WhatsApp Messenger : 1,000,000,000+
imo beta free calls and text : 100,000,000+
Android Messages : 100,000,000+
Google Duo - High Quality Video Calls : 500,000,000+
Messenger – Text and Video Chat for Free : 1,000,000,000+
imo free video calls and chat : 500,000,000+
Skype - free IM & video calls : 1,000,000,000+
Who : 100,000,000+
GO SMS Pro - Messenger, Free Themes, Emoji : 100,000,000+
LINE: Free Calls & Messages : 500,000,000+
Google Chrome: Fast & Secure : 1,000,000,000+
Firefox Browser fast & private : 100,000,000+
UC Browser - Fast Download Private & Secure : 500,000,000+
Gmail : 1,000,000,000+
Hangouts : 1,000,000,000+
Messenger Lite: Free Calls & Messages : 100,000,000+
Kik : 100,000,000+
KakaoTalk: Free Calls & Text : 100,000,000+
Opera Mini - fast web browser : 100,000,000+
Opera Browser: Fast and Secure : 100,000,000+
Telegram : 100,000,000+
Truecaller: Caller ID, SMS spam blocking & Dialer : 100,000,000+
UC Browser Mini -Tiny Fast Private & Secure : 100,000,000+
Viber Mess

If we removed all the communication apps with over 100,000,000+, the average would probably be significantly reduced.

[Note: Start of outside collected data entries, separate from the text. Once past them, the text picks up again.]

(* Let $G,H$ be graphs with $H$ connected and let $b$ be a positive integer. Consider the $(H,b)$ deletion algorithm: starting from $G_0=G$, as long as possible obtain $G_{i+1}$ from $G_i$ by deleting, arbitrarily, either a bad vertex, a bad edge, a bad set, or (the vertex set of) a small component, all defined with respect to the current graph $G_i$ and the fixed $H,b$. Then, regardless of the arbitrary choices made, the algorithm terminates with the $(H,b)$-core of $G$. In particular the $(H,b)$-core of $G$ is $(H,b)$-stable.
   Context: With respect to a graph $F$, a connected graph $H$ and a positive integer $b$: a bad vertex is a vertex of $F$ lying in no copy of $H$ in $F$; a bad edge is an edge of $F$ lying in no copy of $H$ in $F$; a bad set is a set $U\subseteq V(F)$ with $2\le|U|\le b+1$ such that no copy $\hat H$ of $H$ in $F$ satisfies $|V(\hat H)\cap U|=1$; a small component is a connected component of $F$ with at most $(b+1)(v(H)-1)$ vertices. A graph is $(H,b)$-stable if none of these four exist in it. The $(H,b)$-core of $G$ is the union of all $(H,b)$-stable subgraphs of $G$. *)

theory Defs
  imports Main
begin

text \<open>Finite simple graphs: a vertex set and a set of 2-element edges.\<close>
type_synonym 'a graph = "'a set \<times> 'a set set"

definition verts :: "'a graph \<Rightarrow> 'a set" where "verts F = fst F"
definition edges :: "'a graph \<Rightarrow> 'a set set" where "edges F = snd F"

definition wf_graph :: "'a graph \<Rightarrow> bool" where
  "wf_graph F \<longleftrightarrow> finite (verts F) \<and>
     (\<forall>e \<in> edges F. e \<subseteq> verts F \<and> card e = 2)"

definition adj :: "'a graph \<Rightarrow> 'a \<Rightarrow> 'a \<Rightarrow> bool" where
  "adj F u v \<longleftrightarrow> {u, v} \<in> edges F"

definition reach :: "'a graph \<Rightarrow> 'a \<Rightarrow> 'a \<Rightarrow> bool" where
  "reach F u v \<longleftrightarrow> u \<in> verts F \<and> (adj F)\<^sup>*\<^sup>* u v"

definition connected_graph :: "'a graph \<Rightarrow> bool" where
  "connected_graph F \<longleftrightarrow> verts F \<noteq> {} \<and> (\<forall>u \<in> verts F. \<forall>v \<in> verts F. reach F u v)"

definition component :: "'a graph \<Rightarrow> 'a set \<Rightarrow> bool" where
  "component F C \<longleftrightarrow> (\<exists>v \<in> verts F. C = {w. reach F v w})"

text \<open>A copy of H in F, given by an injective homomorphism f; the copy is the
  subgraph with vertices f ` V(H) and edges (image f) ` E(H).\<close>
definition embedding :: "'b graph \<Rightarrow> 'a graph \<Rightarrow> ('b \<Rightarrow> 'a) \<Rightarrow> bool" where
  "embedding H F f \<longleftrightarrow> inj_on f (verts H) \<and> f ` verts H \<subseteq> verts F \<and>
     (\<forall>e \<in> edges H. f ` e \<in> edges F)"

definition bad_vertex :: "'b graph \<Rightarrow> 'a graph \<Rightarrow> 'a \<Rightarrow> bool" where
  "bad_vertex H F v \<longleftrightarrow> v \<in> verts F \<and>
     \<not> (\<exists>f. embedding H F f \<and> v \<in> f ` verts H)"

definition bad_edge :: "'b graph \<Rightarrow> 'a graph \<Rightarrow> 'a set \<Rightarrow> bool" where
  "bad_edge H F e \<longleftrightarrow> e \<in> edges F \<and>
     \<not> (\<exists>f. embedding H F f \<and> e \<in> (\<lambda>x. f ` x) ` edges H)"

definition bad_set :: "'b graph \<Rightarrow> nat \<Rightarrow> 'a graph \<Rightarrow> 'a set \<Rightarrow> bool" where
  "bad_set H b F U \<longleftrightarrow> U \<subseteq> verts F \<and> 2 \<le> card U \<and> card U \<le> b + 1 \<and>
     \<not> (\<exists>f. embedding H F f \<and> card (f ` verts H \<inter> U) = 1)"

definition small_component :: "'b graph \<Rightarrow> nat \<Rightarrow> 'a graph \<Rightarrow> 'a set \<Rightarrow> bool" where
  "small_component H b F C \<longleftrightarrow> component F C \<and>
     card C \<le> (b + 1) * (card (verts H) - 1)"

definition stable :: "'b graph \<Rightarrow> nat \<Rightarrow> 'a graph \<Rightarrow> bool" where
  "stable H b F \<longleftrightarrow> (\<nexists>v. bad_vertex H F v) \<and> (\<nexists>e. bad_edge H F e) \<and>
     (\<nexists>U. bad_set H b F U) \<and> (\<nexists>C. small_component H b F C)"

definition subgraph :: "'a graph \<Rightarrow> 'a graph \<Rightarrow> bool" where
  "subgraph F G \<longleftrightarrow> wf_graph F \<and> verts F \<subseteq> verts G \<and> edges F \<subseteq> edges G"

definition core :: "'b graph \<Rightarrow> nat \<Rightarrow> 'a graph \<Rightarrow> 'a graph" where
  "core H b G = (\<Union>{verts F | F. subgraph F G \<and> stable H b F},
                 \<Union>{edges F | F. subgraph F G \<and> stable H b F})"

definition delete_verts :: "'a graph \<Rightarrow> 'a set \<Rightarrow> 'a graph" where
  "delete_verts F U = (verts F - U, {e \<in> edges F. e \<inter> U = {}})"

definition delete_edge :: "'a graph \<Rightarrow> 'a set \<Rightarrow> 'a graph" where
  "delete_edge F e = (verts F, edges F - {e})"

definition del_step :: "'b graph \<Rightarrow> nat \<Rightarrow> 'a graph \<Rightarrow> 'a graph \<Rightarrow> bool" where
  "del_step H b F F' \<longleftrightarrow>
     (\<exists>v. bad_vertex H F v \<and> F' = delete_verts F {v}) \<or>
     (\<exists>e. bad_edge H F e \<and> F' = delete_edge F e) \<or>
     (\<exists>U. bad_set H b F U \<and> F' = delete_verts F U) \<or>
     (\<exists>C. small_component H b F C \<and> F' = delete_verts F C)"

end

theory Submission
  imports Defs
begin

text \<open>Every deletion step removes something, so the number of vertices plus edges strictly
  decreases and the algorithm terminates. A stable subgraph S of the current graph F never
  loses anything: a copy of H in S is a copy in F, so no vertex or edge of S is bad in F;
  a bad set meeting S in one vertex or in at least two vertices would yield a bad vertex or
  a bad set of S; and the component of F containing a vertex of S contains a whole component
  of S, which is not small. Hence every graph reached contains all stable subgraphs of G,
  and a terminal graph is itself stable, so it is the largest stable subgraph, the core.\<close>

definition graph_size :: "'a graph \<Rightarrow> nat" where
  "graph_size F = card (verts F) + card (edges F)"

lemma verts_delete_verts [simp]: "verts (delete_verts F U) = verts F - U"
  and edges_delete_verts [simp]: "edges (delete_verts F U) = {e \<in> edges F. e \<inter> U = {}}"
  and verts_delete_edge [simp]: "verts (delete_edge F e) = verts F"
  and edges_delete_edge [simp]: "edges (delete_edge F e) = edges F - {e}"
  by (auto simp: delete_verts_def delete_edge_def verts_def edges_def)

lemma wf_graph_finite_edges: "wf_graph F \<Longrightarrow> finite (edges F)"
  unfolding wf_graph_def by (meson Pow_iff finite_Pow_iff finite_subset subsetI)

lemma wf_graph_edge_subset: "wf_graph F \<Longrightarrow> e \<in> edges F \<Longrightarrow> e \<subseteq> verts F"
  unfolding wf_graph_def by blast

lemma reach_in_verts:
  assumes "wf_graph F" "reach F v w"
  shows "w \<in> verts F"
proof -
  have "(adj F)\<^sup>*\<^sup>* v w" "v \<in> verts F" using assms(2) by (auto simp: reach_def)
  then show ?thesis
    by (induction rule: rtranclp_induct)
       (auto simp: adj_def dest: wf_graph_edge_subset[OF assms(1)])
qed


lemma wf_graph_delete_verts: "wf_graph F \<Longrightarrow> wf_graph (delete_verts F U)"
  unfolding wf_graph_def by auto

lemma wf_graph_delete_edge: "wf_graph F \<Longrightarrow> wf_graph (delete_edge F e)"
  unfolding wf_graph_def by auto

lemma graph_size_delete_verts_less:
  assumes "wf_graph F" "U \<inter> verts F \<noteq> {}"
  shows "graph_size (delete_verts F U) < graph_size F"
proof -
  have "card (verts F - U) < card (verts F)"
    using assms by (intro psubset_card_mono) (auto simp: wf_graph_def)
  moreover have "card {e \<in> edges F. e \<inter> U = {}} \<le> card (edges F)"
    using wf_graph_finite_edges[OF assms(1)] by (intro card_mono) auto
  ultimately show ?thesis by (simp add: graph_size_def)
qed

lemma graph_size_delete_edge_less:
  assumes "wf_graph F" "e \<in> edges F"
  shows "graph_size (delete_edge F e) < graph_size F"
proof -
  have "card (edges F - {e}) < card (edges F)"
    using assms wf_graph_finite_edges[OF assms(1)] by (rule_tac card_Diff1_less)
  then show ?thesis by (simp add: graph_size_def)
qed

lemma bad_set_nonempty: "bad_set H b F U \<Longrightarrow> U \<inter> verts F \<noteq> {}"
  unfolding bad_set_def by (metis card.empty inf.absorb_iff1 not_numeral_le_zero)

lemma small_component_nonempty:
  "small_component H b F C \<Longrightarrow> C \<inter> verts F \<noteq> {}"
  unfolding small_component_def component_def reach_def by auto

lemma del_step_wf_graph_size_less:
  assumes "wf_graph F" "del_step H b F F'"
  shows "wf_graph F' \<and> graph_size F' < graph_size F"
  using assms(2) unfolding del_step_def
proof (elim disjE exE conjE)
  fix v assume "bad_vertex H F v" "F' = delete_verts F {v}"
  then show ?thesis using assms(1)
    by (auto simp: bad_vertex_def wf_graph_delete_verts intro: graph_size_delete_verts_less)
next
  fix e assume "bad_edge H F e" "F' = delete_edge F e"
  then show ?thesis using assms(1)
    by (auto simp: bad_edge_def wf_graph_delete_edge intro: graph_size_delete_edge_less)
next
  fix U assume "bad_set H b F U" "F' = delete_verts F U"
  then show ?thesis using assms(1) bad_set_nonempty[of H b F U]
    by (simp add: wf_graph_delete_verts graph_size_delete_verts_less)
next
  fix C assume "small_component H b F C" "F' = delete_verts F C"
  then show ?thesis using assms(1) small_component_nonempty[of H b F C]
    by (simp add: wf_graph_delete_verts graph_size_delete_verts_less)
qed

lemma del_step_subset:
  "del_step H b F F' \<Longrightarrow> verts F' \<subseteq> verts F \<and> edges F' \<subseteq> edges F"
  unfolding del_step_def by auto
(* Let $N\ge 4$. Let $q_1,\dots,q_N\in(0,1)$ and $p_{i,k}\in(0,1)$ ($1\le i\le N$, $1\le k\le N-1$) satisfy $p_{i,k}>p_{j,k}$ whenever $i<j$ (for each $k$) and $p_{i,k}<p_{i,l}$ whenever $k<l$ (for each $i$). Let $\mathcal F_N$ be the set of $(N-1)\times N$ matrices over $\mathrm{GF}(2)$ of the form $$\mathbf F=\begin{pmatrix}1&1&0&\cdots&0&0\\ 1&0&1&\cdots&0&0\\ \vdots&\vdots&\vdots&\ddots&\vdots&\vdots\\ 1&0&0&\cdots&1&0\\ u_1&u_2&u_3&\cdots&u_{N-1}&1\end{pmatrix},$$ i.e. for $1\le j\le N-2$ row $j$ has ones exactly in columns $1$ and $j+1$, and the last row is $(u_1,\dots,u_{N-1},1)$ with $u_k\in\mathrm{GF}(2)$ and $u_1\oplus u_2\oplus\cdots\oplus u_{N-1}=1$. Then every element of $\mathcal F_N$ is admissible, and the matrix $$\hat{\mathbf F}_N=\begin{pmatrix}1&1&0&\cdots&0\\ 1&0&1&\cdots&0\\ \vdots&\vdots&\vdots&\ddots&\vdots\\ 1&0&0&\cdots&1\end{pmatrix}_{(N-1)\times N}$$ (row $j$ has ones exactly in columns $1$ and $j+1$, $j=1,\dots,N-1$; this is the element of $\mathcal F_N$ with $u_1=1$, $u_2=\cdots=u_{N-1}=0$) is the unique minimizer of $P_e^U$ over $\mathcal F_N$: $P_e^U(\mathbf F)\ge P_e^U(\hat{\mathbf F}_N)$ for all $\mathbf F\in\mathcal F_N$, with equality only if $\mathbf F=\hat{\mathbf F}_N$.
   Context: An $(N-1)\times N$ matrix $\mathbf F$ over $\mathrm{GF}(2)$ is admissible if, for every $j\in\{1,\dots,N\}$, the $(N-1)\times(N-1)$ matrix $\mathbf F_j$ obtained by deleting the $j$-th column of $\mathbf F$ is invertible over $\mathrm{GF}(2)$. For admissible $\mathbf F$, let $\mathbf G_{i,k}$ be the $k$-th column of $\mathbf F_i^{-1}$ (over $\mathrm{GF}(2)$) and $|\mathbf G_{i,k}|$ its Hamming weight. Given numbers $q_k\in(0,1)$ and $p_{i,k}\in(0,1)$, define $$P_e^U(\mathbf F)=\frac1N\sum_{i=1}^N\Big[\sum_{k=1,k\neq i}^N q_k+(N-1)q_i+\sum_{k=1}^{N-1}p_{i,k}\,|\mathbf G_{i,k}|\Big].$$ The class $\mathcal F_N$ consists of the matrices obtained by appending a row and a column to the $(N-1)$-user design $\hat{\mathbf F}_{N-1}$ (placed in the upper-left corner) while keeping all $\mathbf F_j$ invertible. *)

theory Defs
  imports "HOL-Library.Z2" "Jordan_Normal_Form.Matrix"
begin

text \<open>Matrices over GF(2) are JNF matrices over the field type bit (HOL-Library.Z2).
  JNF indices are 0-based; the paper's 1-based indices are translated explicitly below.\<close>

text \<open>Delete the j-th column (1-based j, as in the paper).\<close>
definition del_col :: "'a mat \<Rightarrow> nat \<Rightarrow> 'a mat" where
  "del_col F j = mat (dim_row F) (dim_col F - 1)
     (\<lambda>(r, c). F $$ (r, if c < j - 1 then c else c + 1))"

definition admissible :: "bit mat \<Rightarrow> bool" where
  "admissible F \<longleftrightarrow> dim_col F = dim_row F + 1 \<and>
     (\<forall>j\<in>{1..dim_col F}. invertible_mat (del_col F j))"

definition mat_inv :: "bit mat \<Rightarrow> bit mat" where
  "mat_inv A = (SOME B. B \<in> carrier_mat (dim_row A) (dim_row A) \<and>
                        inverts_mat A B \<and> inverts_mat B A)"

definition hamming_weight :: "bit vec \<Rightarrow> nat" where
  "hamming_weight v = card {r. r < dim_vec v \<and> v $ r \<noteq> 0}"

definition Gcol :: "bit mat \<Rightarrow> nat \<Rightarrow> nat \<Rightarrow> bit vec" where
  "Gcol F i k = col (mat_inv (del_col F i)) (k - 1)"

text \<open>The error-probability upper bound P_e^U; q and p are indexed 1-based as in the paper.\<close>
definition PeU :: "nat \<Rightarrow> (nat \<Rightarrow> real) \<Rightarrow> (nat \<Rightarrow> nat \<Rightarrow> real) \<Rightarrow> bit mat \<Rightarrow> real" where
  "PeU N q p F = (1 / real N) * (\<Sum>i = 1..N.
      (\<Sum>k \<in> {1..N} - {i}. q k) + real (N - 1) * q i
      + (\<Sum>k = 1..N - 1. p i k * real (hamming_weight (Gcol F i k))))"

text \<open>The (N-1) x N matrix with rows j = 1..N-2 having ones in columns 1 and j+1, and last row
  (u_1,...,u_{N-1},1). Here u c (0-based c) stands for the paper's u_{c+1}.\<close>
definition FN_mat :: "nat \<Rightarrow> (nat \<Rightarrow> bit) \<Rightarrow> bit mat" where
  "FN_mat N u = mat (N - 1) N (\<lambda>(r, c).
     if r < N - 2 then (if c = 0 \<or> c = r + 1 then 1 else 0)
     else (if c = N - 1 then 1 else u c))"

definition FN_class :: "nat \<Rightarrow> bit mat set" where
  "FN_class N = {FN_mat N u | u. (\<Sum>c < N - 1. u c) = 1}"

definition F_hat :: "nat \<Rightarrow> bit mat" where
  "F_hat N = mat (N - 1) N (\<lambda>(r, c). if c = 0 \<or> c = r + 1 then 1 else 0)"

end

theory Submission
  imports Defs "Jordan_Normal_Form.Determinant"
begin

text \<open>For F in F_N and a deleted column d, the k-th column of the inverse of F_d is the
  restriction of the unique x with x_d = 0 and F x = e_k; the sparse shape of F lets one write
  down the support of x explicitly, so every Hamming weight |G_{i,k}| is explicit. Compared with
  the hat matrix, switching on u_{k+1} (1 \<le> k \<le> N - 2) raises |G_{1,k}| by one and lowers
  |G_{k+1,k}| by one, and no other weight decreases. Since p_{1,k} > p_{k+1,k}, P_e^U grows by at
  least (p_{1,k} - p_{k+1,k}) / N for every such k.\<close>

text \<open>Keep GF(2) arithmetic as field arithmetic instead of letting simp turn it into XOR/AND.\<close>
declare add_bit_eq_xor [simp del] mult_bit_eq_and [simp del]

lemma mat_inv_inverse:
  assumes A: "A \<in> carrier_mat n n" and inv: "invertible_mat A"
  shows "mat_inv A \<in> carrier_mat n n" and "mat_inv A * A = 1\<^sub>m n"
proof -
  obtain B where AB: "A * B = 1\<^sub>m n" and BA: "B * A = 1\<^sub>m (dim_row B)"
    using inv A unfolding invertible_mat_def inverts_mat_def by auto
  have "B \<in> carrier_mat n n"
    using arg_cong[OF AB, of dim_col] arg_cong[OF BA, of dim_col] A by auto
  then have "\<exists>B. B \<in> carrier_mat (dim_row A) (dim_row A) \<and> inverts_mat A B \<and> inverts_mat B A"
    using A AB BA unfolding inverts_mat_def by auto
  from someI_ex[OF this] show "mat_inv A \<in> carrier_mat n n" and "mat_inv A * A = 1\<^sub>m n"
    using A unfolding mat_inv_def inverts_mat_def by auto
qed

Other runner up categories such as video playing or social networking, will have apps that heavily skew results as well (Facebook, Instagram, YouTube). The main concern is that these app genres may seem more popular than they actually are.

The books and references is fairly popular and would interesting to explore with more depth. We found this app to have some potential in the App Store and our aim is to find a profitable genre for both the App Store and Google Play Store.